Required work — Copy the data exactly from the line that contains "r2) \<in> \<Omega>(\<lambda>m." through the line that contains "m] A by simp", keeping both end lines and leaving out everything else.

Supplied data —
□ □ □ □ □

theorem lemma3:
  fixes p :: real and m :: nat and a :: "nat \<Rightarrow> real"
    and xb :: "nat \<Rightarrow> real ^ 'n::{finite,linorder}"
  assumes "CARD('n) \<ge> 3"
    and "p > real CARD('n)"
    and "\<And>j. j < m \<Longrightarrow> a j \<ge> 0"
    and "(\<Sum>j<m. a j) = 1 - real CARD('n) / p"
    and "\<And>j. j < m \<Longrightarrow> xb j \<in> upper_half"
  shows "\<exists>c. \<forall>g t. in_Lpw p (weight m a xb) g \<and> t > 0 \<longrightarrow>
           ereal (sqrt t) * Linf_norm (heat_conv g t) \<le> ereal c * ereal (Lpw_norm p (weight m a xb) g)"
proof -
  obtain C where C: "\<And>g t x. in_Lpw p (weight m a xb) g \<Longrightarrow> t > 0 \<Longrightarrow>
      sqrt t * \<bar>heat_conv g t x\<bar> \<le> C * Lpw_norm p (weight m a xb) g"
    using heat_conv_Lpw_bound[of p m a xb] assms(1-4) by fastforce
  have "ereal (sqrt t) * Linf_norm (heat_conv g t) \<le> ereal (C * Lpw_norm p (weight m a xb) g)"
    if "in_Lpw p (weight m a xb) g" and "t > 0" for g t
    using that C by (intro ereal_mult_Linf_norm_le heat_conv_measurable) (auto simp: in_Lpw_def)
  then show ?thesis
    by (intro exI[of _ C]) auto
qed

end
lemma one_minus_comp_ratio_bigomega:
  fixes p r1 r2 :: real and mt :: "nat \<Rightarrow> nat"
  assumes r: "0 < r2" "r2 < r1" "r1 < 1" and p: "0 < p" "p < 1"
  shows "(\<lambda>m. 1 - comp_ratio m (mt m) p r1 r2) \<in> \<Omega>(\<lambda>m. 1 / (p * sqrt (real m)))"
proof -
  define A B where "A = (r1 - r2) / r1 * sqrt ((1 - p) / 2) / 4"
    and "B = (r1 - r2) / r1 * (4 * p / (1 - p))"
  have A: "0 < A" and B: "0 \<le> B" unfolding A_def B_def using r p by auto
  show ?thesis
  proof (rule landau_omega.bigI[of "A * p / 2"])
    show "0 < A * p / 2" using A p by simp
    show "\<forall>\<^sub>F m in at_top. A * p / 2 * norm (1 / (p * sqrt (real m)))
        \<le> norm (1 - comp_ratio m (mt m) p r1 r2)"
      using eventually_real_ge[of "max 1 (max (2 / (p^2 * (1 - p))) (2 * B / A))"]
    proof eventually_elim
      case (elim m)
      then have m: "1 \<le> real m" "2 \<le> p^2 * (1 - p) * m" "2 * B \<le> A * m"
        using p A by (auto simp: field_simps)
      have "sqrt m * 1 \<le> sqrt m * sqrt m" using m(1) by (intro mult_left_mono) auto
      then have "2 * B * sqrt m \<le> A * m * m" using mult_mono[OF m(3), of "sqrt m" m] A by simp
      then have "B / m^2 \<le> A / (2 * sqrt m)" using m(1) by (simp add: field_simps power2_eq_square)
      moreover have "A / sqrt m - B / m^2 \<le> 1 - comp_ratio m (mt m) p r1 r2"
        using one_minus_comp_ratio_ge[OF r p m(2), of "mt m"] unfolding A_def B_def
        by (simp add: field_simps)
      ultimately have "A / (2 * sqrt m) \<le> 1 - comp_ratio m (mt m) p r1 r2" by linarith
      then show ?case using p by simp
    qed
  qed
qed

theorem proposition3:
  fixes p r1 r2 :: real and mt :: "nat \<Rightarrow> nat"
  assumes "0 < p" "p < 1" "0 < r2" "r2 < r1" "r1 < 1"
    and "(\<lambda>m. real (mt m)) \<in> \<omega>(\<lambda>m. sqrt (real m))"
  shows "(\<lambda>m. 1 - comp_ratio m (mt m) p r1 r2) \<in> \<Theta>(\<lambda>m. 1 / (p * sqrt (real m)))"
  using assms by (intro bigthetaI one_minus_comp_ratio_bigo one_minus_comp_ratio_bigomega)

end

□ □ □ □ □

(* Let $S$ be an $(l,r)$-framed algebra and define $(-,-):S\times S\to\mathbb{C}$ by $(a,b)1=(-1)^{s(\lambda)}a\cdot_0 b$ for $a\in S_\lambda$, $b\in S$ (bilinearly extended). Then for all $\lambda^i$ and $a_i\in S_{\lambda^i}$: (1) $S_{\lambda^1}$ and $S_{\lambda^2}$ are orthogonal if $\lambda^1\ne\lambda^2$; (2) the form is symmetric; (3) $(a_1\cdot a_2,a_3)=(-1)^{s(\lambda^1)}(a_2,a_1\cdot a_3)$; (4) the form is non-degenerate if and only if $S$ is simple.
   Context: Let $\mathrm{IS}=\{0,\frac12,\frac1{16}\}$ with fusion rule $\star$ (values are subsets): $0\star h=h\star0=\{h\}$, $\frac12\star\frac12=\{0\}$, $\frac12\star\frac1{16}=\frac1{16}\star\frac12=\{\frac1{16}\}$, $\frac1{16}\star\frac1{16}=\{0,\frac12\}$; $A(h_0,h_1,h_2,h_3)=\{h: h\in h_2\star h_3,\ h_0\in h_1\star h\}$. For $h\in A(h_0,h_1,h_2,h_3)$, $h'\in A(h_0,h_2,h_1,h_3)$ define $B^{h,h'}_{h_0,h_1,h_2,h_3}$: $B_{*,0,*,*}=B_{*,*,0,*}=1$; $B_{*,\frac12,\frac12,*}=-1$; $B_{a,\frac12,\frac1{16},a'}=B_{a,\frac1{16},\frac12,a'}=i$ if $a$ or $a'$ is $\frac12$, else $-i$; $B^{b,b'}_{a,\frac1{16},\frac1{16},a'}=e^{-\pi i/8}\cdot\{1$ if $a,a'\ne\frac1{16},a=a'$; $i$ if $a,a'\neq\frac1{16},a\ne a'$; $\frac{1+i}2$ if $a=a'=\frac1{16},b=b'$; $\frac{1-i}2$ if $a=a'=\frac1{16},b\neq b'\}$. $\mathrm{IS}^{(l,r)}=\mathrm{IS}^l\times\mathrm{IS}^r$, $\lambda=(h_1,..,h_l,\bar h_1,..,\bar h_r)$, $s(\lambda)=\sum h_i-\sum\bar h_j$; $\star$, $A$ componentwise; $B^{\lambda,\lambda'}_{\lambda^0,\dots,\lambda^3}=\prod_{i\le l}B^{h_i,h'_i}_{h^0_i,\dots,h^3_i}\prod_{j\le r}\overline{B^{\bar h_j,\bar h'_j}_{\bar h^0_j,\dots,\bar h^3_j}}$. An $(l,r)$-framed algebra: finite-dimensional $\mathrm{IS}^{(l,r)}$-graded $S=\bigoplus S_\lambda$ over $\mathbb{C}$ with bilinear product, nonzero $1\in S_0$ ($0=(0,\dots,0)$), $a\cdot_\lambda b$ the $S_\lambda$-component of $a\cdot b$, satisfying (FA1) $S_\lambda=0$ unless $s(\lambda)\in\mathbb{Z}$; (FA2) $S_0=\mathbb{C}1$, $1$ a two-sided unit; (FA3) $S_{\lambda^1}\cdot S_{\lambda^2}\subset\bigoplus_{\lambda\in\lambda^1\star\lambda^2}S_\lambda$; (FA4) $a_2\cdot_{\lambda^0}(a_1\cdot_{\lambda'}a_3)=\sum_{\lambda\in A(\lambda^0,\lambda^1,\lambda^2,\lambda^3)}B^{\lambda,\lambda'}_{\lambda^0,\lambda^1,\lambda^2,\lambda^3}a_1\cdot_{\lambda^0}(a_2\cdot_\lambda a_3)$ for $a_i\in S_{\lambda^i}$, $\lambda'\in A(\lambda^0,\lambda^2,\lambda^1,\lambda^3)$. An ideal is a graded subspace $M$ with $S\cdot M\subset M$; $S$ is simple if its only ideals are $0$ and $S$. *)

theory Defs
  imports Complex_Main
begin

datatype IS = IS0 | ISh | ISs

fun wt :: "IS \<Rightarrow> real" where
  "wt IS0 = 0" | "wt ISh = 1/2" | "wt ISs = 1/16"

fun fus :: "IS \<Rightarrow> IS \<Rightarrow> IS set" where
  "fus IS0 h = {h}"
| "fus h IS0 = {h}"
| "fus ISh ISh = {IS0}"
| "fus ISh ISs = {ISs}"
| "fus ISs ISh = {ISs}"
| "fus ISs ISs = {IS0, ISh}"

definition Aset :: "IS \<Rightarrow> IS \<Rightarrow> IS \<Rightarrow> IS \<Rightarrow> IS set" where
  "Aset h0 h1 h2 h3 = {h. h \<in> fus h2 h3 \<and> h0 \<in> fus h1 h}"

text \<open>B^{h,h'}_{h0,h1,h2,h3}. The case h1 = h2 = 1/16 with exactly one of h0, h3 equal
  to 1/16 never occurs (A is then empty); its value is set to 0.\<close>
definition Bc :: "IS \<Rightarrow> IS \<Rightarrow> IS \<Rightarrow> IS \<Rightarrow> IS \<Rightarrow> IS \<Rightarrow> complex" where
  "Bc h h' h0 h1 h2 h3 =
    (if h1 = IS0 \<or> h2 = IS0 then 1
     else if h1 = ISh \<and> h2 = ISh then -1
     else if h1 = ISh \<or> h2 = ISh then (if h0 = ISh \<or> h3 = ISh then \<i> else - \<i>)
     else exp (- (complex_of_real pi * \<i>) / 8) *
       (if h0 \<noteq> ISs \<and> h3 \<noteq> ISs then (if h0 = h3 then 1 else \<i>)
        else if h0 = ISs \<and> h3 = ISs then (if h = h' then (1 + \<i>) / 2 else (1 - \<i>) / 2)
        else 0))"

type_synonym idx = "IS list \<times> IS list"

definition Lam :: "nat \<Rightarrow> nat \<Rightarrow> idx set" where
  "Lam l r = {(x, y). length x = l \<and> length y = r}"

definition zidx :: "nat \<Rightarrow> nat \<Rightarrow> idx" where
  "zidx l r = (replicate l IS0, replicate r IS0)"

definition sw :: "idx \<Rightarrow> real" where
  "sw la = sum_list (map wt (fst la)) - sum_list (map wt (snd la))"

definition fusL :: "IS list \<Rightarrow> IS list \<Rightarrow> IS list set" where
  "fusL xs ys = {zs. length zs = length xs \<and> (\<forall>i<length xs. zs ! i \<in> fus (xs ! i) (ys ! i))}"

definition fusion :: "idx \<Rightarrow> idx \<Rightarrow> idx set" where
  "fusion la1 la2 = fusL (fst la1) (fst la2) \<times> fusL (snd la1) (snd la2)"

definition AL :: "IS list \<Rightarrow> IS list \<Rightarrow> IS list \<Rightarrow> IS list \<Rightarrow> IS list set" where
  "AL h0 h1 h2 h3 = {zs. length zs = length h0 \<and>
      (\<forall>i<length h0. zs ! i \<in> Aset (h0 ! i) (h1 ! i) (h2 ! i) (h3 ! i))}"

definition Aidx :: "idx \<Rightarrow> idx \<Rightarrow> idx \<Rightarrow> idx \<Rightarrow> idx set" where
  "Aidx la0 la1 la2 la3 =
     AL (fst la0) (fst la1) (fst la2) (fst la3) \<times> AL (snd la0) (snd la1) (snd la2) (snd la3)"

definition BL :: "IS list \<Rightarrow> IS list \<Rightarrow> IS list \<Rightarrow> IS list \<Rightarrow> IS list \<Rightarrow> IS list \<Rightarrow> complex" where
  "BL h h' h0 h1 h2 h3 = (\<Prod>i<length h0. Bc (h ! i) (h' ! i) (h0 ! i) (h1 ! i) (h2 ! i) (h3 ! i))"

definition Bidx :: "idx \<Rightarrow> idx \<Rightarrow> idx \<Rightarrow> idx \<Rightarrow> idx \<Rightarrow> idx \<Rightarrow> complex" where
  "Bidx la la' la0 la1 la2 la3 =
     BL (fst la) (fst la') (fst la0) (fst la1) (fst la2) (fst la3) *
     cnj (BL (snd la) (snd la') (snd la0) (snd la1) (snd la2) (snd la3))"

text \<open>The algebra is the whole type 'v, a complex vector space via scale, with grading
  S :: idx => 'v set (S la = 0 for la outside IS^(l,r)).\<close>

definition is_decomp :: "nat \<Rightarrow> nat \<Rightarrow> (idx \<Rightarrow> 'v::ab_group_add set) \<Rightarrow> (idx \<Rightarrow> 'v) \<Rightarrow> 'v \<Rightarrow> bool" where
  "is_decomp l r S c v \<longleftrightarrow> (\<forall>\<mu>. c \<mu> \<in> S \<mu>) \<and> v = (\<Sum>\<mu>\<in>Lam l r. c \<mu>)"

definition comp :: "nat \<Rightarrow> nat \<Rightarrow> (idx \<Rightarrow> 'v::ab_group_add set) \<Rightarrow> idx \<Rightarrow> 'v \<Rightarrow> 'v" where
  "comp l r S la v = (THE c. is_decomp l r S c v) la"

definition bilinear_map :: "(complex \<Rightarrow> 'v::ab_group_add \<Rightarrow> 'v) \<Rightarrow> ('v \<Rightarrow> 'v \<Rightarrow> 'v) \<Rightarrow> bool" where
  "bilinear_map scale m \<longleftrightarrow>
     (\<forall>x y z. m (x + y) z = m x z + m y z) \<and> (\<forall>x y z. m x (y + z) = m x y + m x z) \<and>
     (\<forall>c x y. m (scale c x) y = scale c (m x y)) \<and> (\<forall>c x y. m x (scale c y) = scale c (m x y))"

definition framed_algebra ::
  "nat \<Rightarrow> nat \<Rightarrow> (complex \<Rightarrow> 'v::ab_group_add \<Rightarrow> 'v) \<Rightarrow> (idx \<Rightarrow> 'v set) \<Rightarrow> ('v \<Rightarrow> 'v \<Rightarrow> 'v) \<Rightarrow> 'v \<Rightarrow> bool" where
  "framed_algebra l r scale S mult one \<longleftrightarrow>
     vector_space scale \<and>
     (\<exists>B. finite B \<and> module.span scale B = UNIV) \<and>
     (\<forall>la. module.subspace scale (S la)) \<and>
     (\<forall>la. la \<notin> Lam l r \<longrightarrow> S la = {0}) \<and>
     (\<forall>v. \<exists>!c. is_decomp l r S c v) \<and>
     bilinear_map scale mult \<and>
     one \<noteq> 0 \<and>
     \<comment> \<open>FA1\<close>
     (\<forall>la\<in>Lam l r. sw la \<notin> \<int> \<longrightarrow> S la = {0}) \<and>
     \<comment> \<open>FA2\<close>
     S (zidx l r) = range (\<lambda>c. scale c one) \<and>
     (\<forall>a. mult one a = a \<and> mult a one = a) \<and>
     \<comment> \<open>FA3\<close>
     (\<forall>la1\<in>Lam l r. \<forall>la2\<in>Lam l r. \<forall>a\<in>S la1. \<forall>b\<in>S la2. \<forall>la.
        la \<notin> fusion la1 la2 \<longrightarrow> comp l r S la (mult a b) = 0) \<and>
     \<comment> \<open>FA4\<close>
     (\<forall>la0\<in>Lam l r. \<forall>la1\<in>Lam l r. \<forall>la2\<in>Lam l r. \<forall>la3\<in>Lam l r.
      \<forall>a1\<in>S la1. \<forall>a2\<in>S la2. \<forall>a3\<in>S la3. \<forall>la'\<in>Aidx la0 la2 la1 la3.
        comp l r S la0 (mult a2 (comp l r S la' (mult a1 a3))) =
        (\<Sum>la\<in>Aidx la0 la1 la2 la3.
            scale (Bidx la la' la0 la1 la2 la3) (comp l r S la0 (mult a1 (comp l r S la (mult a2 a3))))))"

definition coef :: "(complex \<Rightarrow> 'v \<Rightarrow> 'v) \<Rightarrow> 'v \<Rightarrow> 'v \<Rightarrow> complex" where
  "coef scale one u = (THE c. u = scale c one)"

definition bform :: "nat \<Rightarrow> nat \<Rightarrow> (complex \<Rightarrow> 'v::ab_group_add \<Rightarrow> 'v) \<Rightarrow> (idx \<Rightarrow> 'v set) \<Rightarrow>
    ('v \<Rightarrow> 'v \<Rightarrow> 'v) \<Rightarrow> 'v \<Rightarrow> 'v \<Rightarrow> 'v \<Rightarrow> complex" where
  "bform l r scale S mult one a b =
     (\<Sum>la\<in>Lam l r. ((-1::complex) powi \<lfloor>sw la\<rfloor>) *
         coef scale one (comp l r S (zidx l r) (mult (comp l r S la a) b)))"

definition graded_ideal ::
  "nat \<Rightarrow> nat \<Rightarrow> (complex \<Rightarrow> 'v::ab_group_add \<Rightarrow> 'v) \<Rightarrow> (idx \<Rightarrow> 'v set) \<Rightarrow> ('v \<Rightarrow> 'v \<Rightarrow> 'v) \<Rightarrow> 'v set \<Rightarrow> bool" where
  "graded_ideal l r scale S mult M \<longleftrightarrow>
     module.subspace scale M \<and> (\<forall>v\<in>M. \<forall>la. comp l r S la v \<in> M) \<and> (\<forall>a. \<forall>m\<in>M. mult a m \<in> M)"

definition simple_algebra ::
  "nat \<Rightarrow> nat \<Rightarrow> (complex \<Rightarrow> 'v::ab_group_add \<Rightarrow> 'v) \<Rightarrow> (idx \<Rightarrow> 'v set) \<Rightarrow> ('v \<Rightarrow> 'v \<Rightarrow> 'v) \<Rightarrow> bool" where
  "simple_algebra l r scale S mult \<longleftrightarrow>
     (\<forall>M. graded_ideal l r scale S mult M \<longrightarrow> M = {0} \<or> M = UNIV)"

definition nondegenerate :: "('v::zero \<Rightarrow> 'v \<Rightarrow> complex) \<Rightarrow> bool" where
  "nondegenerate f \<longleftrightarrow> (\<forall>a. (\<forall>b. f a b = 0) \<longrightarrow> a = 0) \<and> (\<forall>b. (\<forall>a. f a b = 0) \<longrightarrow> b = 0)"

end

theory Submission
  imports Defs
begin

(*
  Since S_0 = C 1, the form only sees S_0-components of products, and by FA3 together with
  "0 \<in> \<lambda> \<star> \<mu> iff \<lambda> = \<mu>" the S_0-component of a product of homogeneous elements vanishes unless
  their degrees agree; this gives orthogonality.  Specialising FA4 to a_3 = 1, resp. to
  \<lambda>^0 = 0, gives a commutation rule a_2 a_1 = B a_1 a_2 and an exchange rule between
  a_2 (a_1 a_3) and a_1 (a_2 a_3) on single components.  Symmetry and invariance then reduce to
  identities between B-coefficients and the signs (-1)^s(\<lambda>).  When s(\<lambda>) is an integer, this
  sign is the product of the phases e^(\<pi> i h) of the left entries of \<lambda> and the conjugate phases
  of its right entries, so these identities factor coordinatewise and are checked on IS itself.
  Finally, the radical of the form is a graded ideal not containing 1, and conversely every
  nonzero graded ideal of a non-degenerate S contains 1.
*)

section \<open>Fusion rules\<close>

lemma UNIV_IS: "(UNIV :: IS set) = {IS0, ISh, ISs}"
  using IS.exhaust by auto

□ □ □ □ □

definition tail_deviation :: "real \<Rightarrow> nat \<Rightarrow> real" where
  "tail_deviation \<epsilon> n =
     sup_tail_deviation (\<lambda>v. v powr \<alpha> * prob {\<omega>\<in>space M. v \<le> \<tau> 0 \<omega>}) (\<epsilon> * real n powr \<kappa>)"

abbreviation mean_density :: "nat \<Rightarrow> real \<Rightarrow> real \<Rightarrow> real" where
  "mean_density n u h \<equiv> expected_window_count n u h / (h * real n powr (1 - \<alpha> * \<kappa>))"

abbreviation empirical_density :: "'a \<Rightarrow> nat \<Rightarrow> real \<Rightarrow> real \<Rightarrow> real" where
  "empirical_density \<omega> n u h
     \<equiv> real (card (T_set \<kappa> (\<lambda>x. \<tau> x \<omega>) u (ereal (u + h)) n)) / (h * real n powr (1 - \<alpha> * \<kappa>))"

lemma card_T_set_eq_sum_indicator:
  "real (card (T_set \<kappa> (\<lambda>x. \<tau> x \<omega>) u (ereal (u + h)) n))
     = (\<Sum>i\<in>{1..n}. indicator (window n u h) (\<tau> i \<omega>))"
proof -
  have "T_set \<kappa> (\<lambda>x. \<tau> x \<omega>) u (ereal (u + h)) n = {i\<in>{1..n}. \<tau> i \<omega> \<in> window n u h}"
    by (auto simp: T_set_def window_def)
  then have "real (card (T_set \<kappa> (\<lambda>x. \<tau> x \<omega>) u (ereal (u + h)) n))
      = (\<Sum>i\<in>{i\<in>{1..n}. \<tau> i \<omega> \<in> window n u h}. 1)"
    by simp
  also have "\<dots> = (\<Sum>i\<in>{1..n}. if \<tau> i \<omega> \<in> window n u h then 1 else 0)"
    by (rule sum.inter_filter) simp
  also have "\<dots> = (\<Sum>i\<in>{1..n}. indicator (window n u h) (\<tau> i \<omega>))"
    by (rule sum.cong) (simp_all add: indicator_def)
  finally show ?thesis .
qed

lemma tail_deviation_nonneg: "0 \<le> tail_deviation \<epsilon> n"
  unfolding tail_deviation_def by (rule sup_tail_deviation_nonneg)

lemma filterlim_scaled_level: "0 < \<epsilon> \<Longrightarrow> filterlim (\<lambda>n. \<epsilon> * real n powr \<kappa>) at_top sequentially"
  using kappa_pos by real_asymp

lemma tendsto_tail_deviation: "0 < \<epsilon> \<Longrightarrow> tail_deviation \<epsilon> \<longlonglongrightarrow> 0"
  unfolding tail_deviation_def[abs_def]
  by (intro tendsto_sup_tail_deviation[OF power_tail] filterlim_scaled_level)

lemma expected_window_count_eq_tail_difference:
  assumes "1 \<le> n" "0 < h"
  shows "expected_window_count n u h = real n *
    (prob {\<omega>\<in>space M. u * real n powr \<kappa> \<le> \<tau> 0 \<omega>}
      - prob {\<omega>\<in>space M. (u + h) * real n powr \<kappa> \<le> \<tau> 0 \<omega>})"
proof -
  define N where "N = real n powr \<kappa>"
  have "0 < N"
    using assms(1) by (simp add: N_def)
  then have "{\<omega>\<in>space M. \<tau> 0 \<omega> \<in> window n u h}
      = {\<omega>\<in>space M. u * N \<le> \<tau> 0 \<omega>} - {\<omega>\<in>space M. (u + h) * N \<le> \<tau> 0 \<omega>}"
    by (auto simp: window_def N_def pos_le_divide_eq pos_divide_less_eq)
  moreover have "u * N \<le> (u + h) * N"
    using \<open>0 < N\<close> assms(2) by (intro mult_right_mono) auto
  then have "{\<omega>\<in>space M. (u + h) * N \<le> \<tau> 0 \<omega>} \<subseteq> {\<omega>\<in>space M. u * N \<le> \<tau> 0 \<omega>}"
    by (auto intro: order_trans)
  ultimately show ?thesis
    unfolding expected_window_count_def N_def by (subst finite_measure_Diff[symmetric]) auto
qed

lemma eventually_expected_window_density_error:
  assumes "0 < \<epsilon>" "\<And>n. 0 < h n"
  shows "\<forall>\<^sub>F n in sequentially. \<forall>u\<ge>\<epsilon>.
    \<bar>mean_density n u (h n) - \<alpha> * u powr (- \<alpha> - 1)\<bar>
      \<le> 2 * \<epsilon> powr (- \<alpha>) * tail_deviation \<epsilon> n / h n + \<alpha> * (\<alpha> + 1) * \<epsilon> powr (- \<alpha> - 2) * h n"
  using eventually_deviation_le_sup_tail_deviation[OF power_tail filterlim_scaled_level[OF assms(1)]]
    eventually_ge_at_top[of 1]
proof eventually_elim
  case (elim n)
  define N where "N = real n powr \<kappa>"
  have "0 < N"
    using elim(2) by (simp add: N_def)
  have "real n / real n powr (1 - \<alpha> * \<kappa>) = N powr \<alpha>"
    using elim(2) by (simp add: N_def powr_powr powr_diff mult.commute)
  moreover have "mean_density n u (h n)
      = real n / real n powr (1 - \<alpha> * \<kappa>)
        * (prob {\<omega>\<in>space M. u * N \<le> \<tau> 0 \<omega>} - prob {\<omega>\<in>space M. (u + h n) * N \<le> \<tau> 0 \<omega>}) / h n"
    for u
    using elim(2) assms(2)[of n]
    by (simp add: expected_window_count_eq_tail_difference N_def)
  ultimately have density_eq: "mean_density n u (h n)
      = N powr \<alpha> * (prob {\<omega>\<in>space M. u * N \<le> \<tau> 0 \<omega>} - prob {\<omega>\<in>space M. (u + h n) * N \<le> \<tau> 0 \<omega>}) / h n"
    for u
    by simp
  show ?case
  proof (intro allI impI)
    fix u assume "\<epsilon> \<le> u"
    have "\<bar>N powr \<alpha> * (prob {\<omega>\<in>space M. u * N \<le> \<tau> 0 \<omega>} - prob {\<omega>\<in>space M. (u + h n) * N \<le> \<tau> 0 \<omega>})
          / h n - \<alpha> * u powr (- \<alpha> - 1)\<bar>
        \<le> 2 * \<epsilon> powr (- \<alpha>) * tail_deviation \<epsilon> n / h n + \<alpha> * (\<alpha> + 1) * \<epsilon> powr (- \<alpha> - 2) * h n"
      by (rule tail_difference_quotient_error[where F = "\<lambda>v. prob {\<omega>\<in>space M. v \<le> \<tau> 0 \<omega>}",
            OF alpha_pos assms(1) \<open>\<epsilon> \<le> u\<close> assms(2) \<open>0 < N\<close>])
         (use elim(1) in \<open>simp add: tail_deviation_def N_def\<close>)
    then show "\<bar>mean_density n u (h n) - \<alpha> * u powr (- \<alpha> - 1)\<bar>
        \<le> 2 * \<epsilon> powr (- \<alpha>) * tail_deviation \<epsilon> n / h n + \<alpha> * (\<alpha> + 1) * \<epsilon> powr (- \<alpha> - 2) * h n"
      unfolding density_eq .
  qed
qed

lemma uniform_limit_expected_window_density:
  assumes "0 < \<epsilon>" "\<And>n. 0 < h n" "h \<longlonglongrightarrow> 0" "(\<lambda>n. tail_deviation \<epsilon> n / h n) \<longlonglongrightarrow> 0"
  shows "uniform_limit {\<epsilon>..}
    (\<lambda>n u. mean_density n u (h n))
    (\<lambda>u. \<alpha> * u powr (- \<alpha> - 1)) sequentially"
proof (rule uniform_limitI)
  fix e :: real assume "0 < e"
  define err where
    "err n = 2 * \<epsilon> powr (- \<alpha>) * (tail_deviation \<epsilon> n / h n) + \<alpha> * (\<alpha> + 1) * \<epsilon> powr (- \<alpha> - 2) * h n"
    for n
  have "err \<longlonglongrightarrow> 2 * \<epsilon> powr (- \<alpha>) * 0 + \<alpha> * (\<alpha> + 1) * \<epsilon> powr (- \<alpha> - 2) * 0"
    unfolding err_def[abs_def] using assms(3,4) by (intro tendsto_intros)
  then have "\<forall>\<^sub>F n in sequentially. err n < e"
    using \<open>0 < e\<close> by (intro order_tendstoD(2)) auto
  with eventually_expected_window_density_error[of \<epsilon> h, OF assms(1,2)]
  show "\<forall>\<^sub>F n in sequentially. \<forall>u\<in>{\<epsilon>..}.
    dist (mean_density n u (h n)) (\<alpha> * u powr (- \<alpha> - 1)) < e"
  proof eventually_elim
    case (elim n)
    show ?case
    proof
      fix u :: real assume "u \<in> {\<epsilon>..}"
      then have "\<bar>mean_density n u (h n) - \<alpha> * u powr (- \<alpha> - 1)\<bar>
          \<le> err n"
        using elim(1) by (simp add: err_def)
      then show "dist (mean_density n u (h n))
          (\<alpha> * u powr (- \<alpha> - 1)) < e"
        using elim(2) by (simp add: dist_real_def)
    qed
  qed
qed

□ □ □ □ □

Solved problem —
  shows "(\<lambda>m. 1 - comp_ratio m (mt m) p r1 r2) \<in> \<Omega>(\<lambda>m. 1 / (p * sqrt (real m)))"
proof -
  define A B where "A = (r1 - r2) / r1 * sqrt ((1 - p) / 2) / 4"
    and "B = (r1 - r2) / r1 * (4 * p / (1 - p))"
  have A: "0 < A" and B: "0 \<le> B" unfolding A_def B_def using r p by auto
  show ?thesis
  proof (rule landau_omega.bigI[of "A * p / 2"])
    show "0 < A * p / 2" using A p by simp
    show "\<forall>\<^sub>F m in at_top. A * p / 2 * norm (1 / (p * sqrt (real m)))
        \<le> norm (1 - comp_ratio m (mt m) p r1 r2)"
      using eventually_real_ge[of "max 1 (max (2 / (p^2 * (1 - p))) (2 * B / A))"]
    proof eventually_elim
      case (elim m)
      then have m: "1 \<le> real m" "2 \<le> p^2 * (1 - p) * m" "2 * B \<le> A * m"
        using p A by (auto simp: field_simps)
      have "sqrt m * 1 \<le> sqrt m * sqrt m" using m(1) by (intro mult_left_mono) auto
      then have "2 * B * sqrt m \<le> A * m * m" using mult_mono[OF m(3), of "sqrt m" m] A by simp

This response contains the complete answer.